La solución estructural pasa por la comprensión del hecho dialéctico de que es el propio éxito del sistema lo que provoca la crisis, que el trabajo llevado a un nivel de intensidad excesivo se toma en la antítesis del bienestar; que toda fuerza, beneficiosa en un momento, se vuelve perjudicial si se continúa aplicando indefinidamente, como la quemazón que sentimos al apretar una barra de hielo. La dificultad en solucionar el paro consiste en que requiere un cambio de mentalidad: el abandono de los valores puritanos laboralistas del protestantismo nórdico, que si bien fueron útiles para realizar la revolución industrial, ahora se han convertido, por la dialéctica de la historia, en la causa del paro.

La solución consiste en que trabajen todas las personas menos horas, con lo cual no habrá parados, y que el producto producido por las máquinas se reparta, eliminando plusvalías, de modo que todo el mundo cobre lo necesario para mantener su nivel de vida como cuando trabajaba cuarenta horas. El proceso hacia esta solución necesita un cambio de mentalidad que supere el puritanismo laboralista de los calvinistas que instauraron el capitalismo y de los estajanovistas que implantaron el comunismo ruso. La solución ha de nacer de la tradición humanista mediterránea de otium cum dignitate.

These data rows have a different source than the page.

(* Let $G$ be a group with identity $1_G$ and inverse map $\pi:G\to G$, $\pi(g)=g^{-1}$. Suppose $B_1,B_2:G\to G$ are maps such that $(G,B_1,B_2)$ is a Rota-Baxter system of groups and $B_1(1_G)=B_2(1_G)=1_G$. Let $\widetilde{B_1},\widetilde{B_2}:\mathbb{F}[G]\to\mathbb{F}[G]$ be the unique linear maps extending $B_1$ and $\pi\circ B_2$ respectively, i.e. $\widetilde{B_1}(\sum\alpha_i g_i)=\sum\alpha_i B_1(g_i)$ and $\widetilde{B_2}(\sum\alpha_i g_i)=\sum \alpha_i B_2(g_i)^{-1}$. Then $(\mathbb{F}[G],\widetilde{B_1},\widetilde{B_2})$ is a Rota-Baxter system of Hopf algebras.
   Context: $\mathbb{F}$ is a field of characteristic $0$. $\mathbb{F}[G]$ is the group algebra with its standard Hopf algebra structure ($\Delta(g)=g\otimes g$, $\epsilon(g)=1$, $S(g)=g^{-1}$ for $g\in G$). A Rota-Baxter system of groups is a group $G$ with maps $B_1,B_2:G\to G$ such that for all $a,b\in G$: $B_1(a)B_1(b)=B_1(B_1(a)\,b\,B_2(a))$ and $B_2(b)B_2(a)=B_2(B_1(a)\,b\,B_2(a))$. Sweedler notation $\Delta(a)=a_1\otimes a_2$. A Rota-Baxter system of Hopf algebras is a triple $(H,B_1,B_2)$ where $(H,\cdot,1,\Delta,\epsilon,S)$ is a cocommutative Hopf algebra and $B_1,B_2:H\to H$ are coalgebra homomorphisms (i.e. $\Delta(B_i(a))=B_i(a_1)\otimes B_i(a_2)$, $\epsilon(B_i(a))=\epsilon(a)$) with $B_1(1)=B_2(1)=1$ such that for all $a,b\in H$: $B_1(a)B_1(b)=B_1(B_1(a_1)\,b\,S(B_2(a_2)))$ and $B_2(a)B_2(b)=B_2(B_1(a_1)\,b\,S(B_2(a_2)))$. *)

theory Defs
  imports "HOL-Algebra.Group" "HOL-Library.Poly_Mapping"
begin

definition rbs_group :: "('g, 'm) monoid_scheme \<Rightarrow> ('g \<Rightarrow> 'g) \<Rightarrow> ('g \<Rightarrow> 'g) \<Rightarrow> bool" where
  "rbs_group G B1 B2 \<longleftrightarrow> group G
     \<and> (\<forall>a \<in> carrier G. B1 a \<in> carrier G \<and> B2 a \<in> carrier G)
     \<and> (\<forall>a \<in> carrier G. \<forall>b \<in> carrier G.
          B1 a \<otimes>\<^bsub>G\<^esub> B1 b = B1 (B1 a \<otimes>\<^bsub>G\<^esub> b \<otimes>\<^bsub>G\<^esub> B2 a)
        \<and> B2 b \<otimes>\<^bsub>G\<^esub> B2 a = B2 (B1 a \<otimes>\<^bsub>G\<^esub> b \<otimes>\<^bsub>G\<^esub> B2 a))"

text \<open>A vector space over the field 'f with basis indexed by 'b is modelled as
  'b =>0 'f.  The tensor product of the spaces with bases 'a and 'b is the space
  with basis 'a \<times> 'b (basis vector (g,h) = g \<otimes> h).\<close>

definition smult :: "'f::comm_ring_1 \<Rightarrow> ('a \<Rightarrow>\<^sub>0 'f) \<Rightarrow> ('a \<Rightarrow>\<^sub>0 'f)" where
  "smult c x = Poly_Mapping.map (\<lambda>v. c * v) x"

definition bas :: "'a \<Rightarrow> ('a \<Rightarrow>\<^sub>0 'f::comm_ring_1)" where
  "bas g = Poly_Mapping.single g 1"

definition lin_ext :: "('a \<Rightarrow> ('b \<Rightarrow>\<^sub>0 'f::comm_ring_1)) \<Rightarrow> ('a \<Rightarrow>\<^sub>0 'f) \<Rightarrow> ('b \<Rightarrow>\<^sub>0 'f)" where
  "lin_ext F x = (\<Sum>p \<in> Poly_Mapping.keys x. smult (Poly_Mapping.lookup x p) (F p))"

definition tens :: "('a \<Rightarrow>\<^sub>0 'f::comm_ring_1) \<Rightarrow> ('b \<Rightarrow>\<^sub>0 'f) \<Rightarrow> ('a \<times> 'b \<Rightarrow>\<^sub>0 'f)" where
  "tens x y = lin_ext (\<lambda>g. lin_ext (\<lambda>h. bas (g, h)) y) x"

definition tmap :: "(('a \<Rightarrow>\<^sub>0 'f::comm_ring_1) \<Rightarrow> ('c \<Rightarrow>\<^sub>0 'f)) \<Rightarrow> (('b \<Rightarrow>\<^sub>0 'f) \<Rightarrow> ('d \<Rightarrow>\<^sub>0 'f))
    \<Rightarrow> ('a \<times> 'b \<Rightarrow>\<^sub>0 'f) \<Rightarrow> ('c \<times> 'd \<Rightarrow>\<^sub>0 'f)" where
  "tmap f k t = lin_ext (\<lambda>(g, h). tens (f (bas g)) (k (bas h))) t"

definition tmult :: "(('b \<Rightarrow>\<^sub>0 'f::comm_ring_1) \<Rightarrow> ('b \<Rightarrow>\<^sub>0 'f) \<Rightarrow> ('b \<Rightarrow>\<^sub>0 'f))
    \<Rightarrow> ('b \<times> 'b \<Rightarrow>\<^sub>0 'f) \<Rightarrow> ('b \<times> 'b \<Rightarrow>\<^sub>0 'f) \<Rightarrow> ('b \<times> 'b \<Rightarrow>\<^sub>0 'f)" where
  "tmult m t u = lin_ext (\<lambda>(g, h). lin_ext (\<lambda>(g', h'). tens (m (bas g) (bas g')) (m (bas h) (bas h'))) u) t"

definition linear_on :: "('a \<Rightarrow>\<^sub>0 'f::comm_ring_1) set \<Rightarrow> (('a \<Rightarrow>\<^sub>0 'f) \<Rightarrow> ('c \<Rightarrow>\<^sub>0 'f)) \<Rightarrow> bool" where
  "linear_on H f \<longleftrightarrow> (\<forall>x \<in> H. \<forall>y \<in> H. f (x + y) = f x + f y)
                     \<and> (\<forall>c. \<forall>x \<in> H. f (smult c x) = smult c (f x))"

definition cocomm_hopf ::
  "('b \<Rightarrow>\<^sub>0 'f::comm_ring_1) set
   \<Rightarrow> (('b \<Rightarrow>\<^sub>0 'f) \<Rightarrow> ('b \<Rightarrow>\<^sub>0 'f) \<Rightarrow> ('b \<Rightarrow>\<^sub>0 'f)) \<Rightarrow> ('b \<Rightarrow>\<^sub>0 'f)
   \<Rightarrow> (('b \<Rightarrow>\<^sub>0 'f) \<Rightarrow> ('b \<times> 'b \<Rightarrow>\<^sub>0 'f)) \<Rightarrow> (('b \<Rightarrow>\<^sub>0 'f) \<Rightarrow> 'f)
   \<Rightarrow> (('b \<Rightarrow>\<^sub>0 'f) \<Rightarrow> ('b \<Rightarrow>\<^sub>0 'f)) \<Rightarrow> bool" where
  "cocomm_hopf H mu un comult counit S \<longleftrightarrow>
     \<comment> \<open>H is a subspace, closed under the operations\<close>
     0 \<in> H \<and> (\<forall>x \<in> H. \<forall>y \<in> H. x + y \<in> H) \<and> (\<forall>c. \<forall>x \<in> H. smult c x \<in> H)
   \<and> un \<in> H \<and> (\<forall>x \<in> H. \<forall>y \<in> H. mu x y \<in> H) \<and> (\<forall>x \<in> H. S x \<in> H)
     \<comment> \<open>linearity / bilinearity\<close>
   \<and> (\<forall>x \<in> H. linear_on H (mu x) \<and> linear_on H (\<lambda>y. mu y x))
   \<and> linear_on H comult \<and> linear_on H S
   \<and> (\<forall>x \<in> H. \<forall>y \<in> H. counit (x + y) = counit x + counit y)
   \<and> (\<forall>c. \<forall>x \<in> H. counit (smult c x) = c * counit x)
     \<comment> \<open>associative unital algebra\<close>
   \<and> (\<forall>x \<in> H. \<forall>y \<in> H. \<forall>z \<in> H. mu (mu x y) z = mu x (mu y z))
   \<and> (\<forall>x \<in> H. mu un x = x \<and> mu x un = x)
     \<comment> \<open>coassociative counital coalgebra\<close>
   \<and> (\<forall>x \<in> H. lin_ext (\<lambda>((a, b), c). bas (a, (b, c))) (tmap comult id (comult x))
              = tmap id comult (comult x))
   \<and> (\<forall>x \<in> H. lin_ext (\<lambda>(g, h). smult (counit (bas g)) (bas h)) (comult x) = x
            \<and> lin_ext (\<lambda>(g, h). smult (counit (bas h)) (bas g)) (comult x) = x)
     \<comment> \<open>comultiplication and counit are algebra homomorphisms\<close>
   \<and> (\<forall>x \<in> H. \<forall>y \<in> H. comult (mu x y) = tmult mu (comult x) (comult y))
   \<and> comult un = tens un un
   \<and> (\<forall>x \<in> H. \<forall>y \<in> H. counit (mu x y) = counit x * counit y)
   \<and> counit un = 1
     \<comment> \<open>antipode\<close>
   \<and> (\<forall>x \<in> H. lin_ext (\<lambda>(g, h). mu (S (bas g)) (bas h)) (comult x) = smult (counit x) un
            \<and> lin_ext (\<lambda>(g, h). mu (bas g) (S (bas h))) (comult x) = smult (counit x) un)
     \<comment> \<open>cocommutativity\<close>
   \<and> (\<forall>x \<in> H. lin_ext (\<lambda>(g, h). bas (h, g)) (comult x) = comult x)"

text \<open>In Sweedler notation, rb_arg a b = B1(a_1) b S(B2(a_2)).\<close>
definition rb_arg ::
  "(('b \<Rightarrow>\<^sub>0 'f::comm_ring_1) \<Rightarrow> ('b \<Rightarrow>\<^sub>0 'f) \<Rightarrow> ('b \<Rightarrow>\<^sub>0 'f))
   \<Rightarrow> (('b \<Rightarrow>\<^sub>0 'f) \<Rightarrow> ('b \<times> 'b \<Rightarrow>\<^sub>0 'f)) \<Rightarrow> (('b \<Rightarrow>\<^sub>0 'f) \<Rightarrow> ('b \<Rightarrow>\<^sub>0 'f))
   \<Rightarrow> (('b \<Rightarrow>\<^sub>0 'f) \<Rightarrow> ('b \<Rightarrow>\<^sub>0 'f)) \<Rightarrow> (('b \<Rightarrow>\<^sub>0 'f) \<Rightarrow> ('b \<Rightarrow>\<^sub>0 'f))
   \<Rightarrow> ('b \<Rightarrow>\<^sub>0 'f) \<Rightarrow> ('b \<Rightarrow>\<^sub>0 'f) \<Rightarrow> ('b \<Rightarrow>\<^sub>0 'f)" where
  "rb_arg mu comult S B1 B2 a b =
     lin_ext (\<lambda>(g, h). mu (mu (B1 (bas g)) b) (S (B2 (bas h)))) (comult a)"

definition coalg_hom_on ::
  "('b \<Rightarrow>\<^sub>0 'f::comm_ring_1) set \<Rightarrow> (('b \<Rightarrow>\<^sub>0 'f) \<Rightarrow> ('b \<times> 'b \<Rightarrow>\<^sub>0 'f)) \<Rightarrow> (('b \<Rightarrow>\<^sub>0 'f) \<Rightarrow> 'f)
   \<Rightarrow> (('b \<Rightarrow>\<^sub>0 'f) \<Rightarrow> ('b \<Rightarrow>\<^sub>0 'f)) \<Rightarrow> bool" where
  "coalg_hom_on H comult counit B \<longleftrightarrow>
     linear_on H B \<and> (\<forall>a \<in> H. B a \<in> H)
   \<and> (\<forall>a \<in> H. comult (B a) = tmap B B (comult a))
   \<and> (\<forall>a \<in> H. counit (B a) = counit a)"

El camino es largo y supone un grado de altruismo por parte de quienes detentan el capital o la dirección burocrática de la economía. La recompensa superaría con creces todos los esfuerzos: se alcanzaría otra vez una civilización del ocio, pero esta vez a un nivel superior, sin esclavos, porque ahora el trabajo necesario de los esclavos lo pueden realizar las máquinas. Por otro lado, la sociedad occidental, que normalmente se reclama cristiana, no haría más que seguir las directrices humanistas y mesuradas del Evangelio en aquella parte en que Jesucristo recomienda pagar al último obrero, que ha trabajado menos horas, lo mismo que a los demás. Este último obrero que ha de cobrar lo mismo aunque trabaje menos es el obrero que ha llegado al campo de la historia en esta hora nona de Occidente que es el último tercio del siglo XX.